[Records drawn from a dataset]

+-------+

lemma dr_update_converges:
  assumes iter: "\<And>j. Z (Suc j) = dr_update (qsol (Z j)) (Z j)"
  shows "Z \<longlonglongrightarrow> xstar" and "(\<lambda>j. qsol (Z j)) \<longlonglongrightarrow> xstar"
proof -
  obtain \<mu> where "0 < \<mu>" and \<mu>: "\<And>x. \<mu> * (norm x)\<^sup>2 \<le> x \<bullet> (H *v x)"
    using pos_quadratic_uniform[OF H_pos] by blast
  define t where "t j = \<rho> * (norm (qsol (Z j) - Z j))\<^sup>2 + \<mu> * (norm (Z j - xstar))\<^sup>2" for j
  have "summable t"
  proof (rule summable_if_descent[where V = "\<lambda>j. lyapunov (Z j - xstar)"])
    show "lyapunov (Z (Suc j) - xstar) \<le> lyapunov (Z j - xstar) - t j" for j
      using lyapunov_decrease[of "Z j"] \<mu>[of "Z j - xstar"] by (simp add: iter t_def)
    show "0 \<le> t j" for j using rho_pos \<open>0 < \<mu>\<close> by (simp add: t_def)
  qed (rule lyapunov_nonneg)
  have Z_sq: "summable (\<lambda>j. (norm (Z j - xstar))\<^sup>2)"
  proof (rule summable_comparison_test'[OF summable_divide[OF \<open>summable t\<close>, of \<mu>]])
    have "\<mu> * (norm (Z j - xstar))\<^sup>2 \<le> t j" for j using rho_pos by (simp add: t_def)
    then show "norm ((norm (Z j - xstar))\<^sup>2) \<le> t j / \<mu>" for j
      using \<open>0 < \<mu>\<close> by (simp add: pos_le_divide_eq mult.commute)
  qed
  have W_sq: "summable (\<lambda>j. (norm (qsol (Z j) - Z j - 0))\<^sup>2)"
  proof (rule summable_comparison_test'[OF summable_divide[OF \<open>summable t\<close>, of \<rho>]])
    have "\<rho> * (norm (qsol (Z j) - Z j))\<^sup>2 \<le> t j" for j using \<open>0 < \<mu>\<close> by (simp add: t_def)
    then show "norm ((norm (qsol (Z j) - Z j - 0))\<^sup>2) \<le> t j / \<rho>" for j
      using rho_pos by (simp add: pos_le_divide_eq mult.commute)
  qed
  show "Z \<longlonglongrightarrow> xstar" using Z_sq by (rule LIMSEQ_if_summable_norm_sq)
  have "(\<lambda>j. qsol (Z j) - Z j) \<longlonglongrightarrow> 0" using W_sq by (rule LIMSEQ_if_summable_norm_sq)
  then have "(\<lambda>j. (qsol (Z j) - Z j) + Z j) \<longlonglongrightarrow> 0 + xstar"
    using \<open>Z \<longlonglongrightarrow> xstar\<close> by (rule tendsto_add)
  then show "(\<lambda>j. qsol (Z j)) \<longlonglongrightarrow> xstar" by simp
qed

+-------+

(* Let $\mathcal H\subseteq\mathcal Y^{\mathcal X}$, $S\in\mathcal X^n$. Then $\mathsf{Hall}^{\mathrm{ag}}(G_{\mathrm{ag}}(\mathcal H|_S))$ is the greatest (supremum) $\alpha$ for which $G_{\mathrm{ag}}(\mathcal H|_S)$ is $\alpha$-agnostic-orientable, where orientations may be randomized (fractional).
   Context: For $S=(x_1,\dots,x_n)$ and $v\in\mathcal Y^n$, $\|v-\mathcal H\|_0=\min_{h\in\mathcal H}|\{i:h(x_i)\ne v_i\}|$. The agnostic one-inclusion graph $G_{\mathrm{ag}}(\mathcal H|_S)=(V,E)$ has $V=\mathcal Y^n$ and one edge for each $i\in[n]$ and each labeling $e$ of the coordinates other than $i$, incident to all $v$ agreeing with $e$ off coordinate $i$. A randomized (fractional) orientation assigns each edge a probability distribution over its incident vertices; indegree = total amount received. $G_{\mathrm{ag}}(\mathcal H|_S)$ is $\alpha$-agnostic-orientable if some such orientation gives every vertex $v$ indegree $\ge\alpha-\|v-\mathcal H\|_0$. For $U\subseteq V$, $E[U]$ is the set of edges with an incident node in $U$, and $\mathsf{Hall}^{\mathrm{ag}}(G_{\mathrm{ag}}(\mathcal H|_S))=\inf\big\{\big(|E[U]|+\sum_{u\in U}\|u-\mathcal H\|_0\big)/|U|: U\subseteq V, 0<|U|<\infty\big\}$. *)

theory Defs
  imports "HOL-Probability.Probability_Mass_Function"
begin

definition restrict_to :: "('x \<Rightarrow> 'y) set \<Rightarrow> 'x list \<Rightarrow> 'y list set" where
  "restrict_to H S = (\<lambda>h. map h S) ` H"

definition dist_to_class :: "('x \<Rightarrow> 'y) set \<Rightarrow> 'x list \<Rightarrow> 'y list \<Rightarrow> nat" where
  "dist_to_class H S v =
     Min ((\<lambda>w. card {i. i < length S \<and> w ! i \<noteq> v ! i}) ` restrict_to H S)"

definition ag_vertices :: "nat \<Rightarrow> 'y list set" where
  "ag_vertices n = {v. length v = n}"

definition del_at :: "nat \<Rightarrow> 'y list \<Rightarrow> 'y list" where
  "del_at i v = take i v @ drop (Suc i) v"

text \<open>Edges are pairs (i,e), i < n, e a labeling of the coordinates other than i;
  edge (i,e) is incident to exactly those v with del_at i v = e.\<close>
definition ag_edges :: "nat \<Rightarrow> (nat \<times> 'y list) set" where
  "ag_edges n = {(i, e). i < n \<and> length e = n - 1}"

+-------+

#### What to do:
Search the entries above for the string "proof". Copy each line in which it appears.

#### Solution to this problem:
proof -
  proof (rule summable_if_descent[where V = "\<lambda>j. lyapunov (Z j - xstar)"])
  proof (rule summable_comparison_test'[OF summable_divide[OF \<open>summable t\<close>, of \<mu>]])
  proof (rule summable_comparison_test'[OF summable_divide[OF \<open>summable t\<close>, of \<rho>]])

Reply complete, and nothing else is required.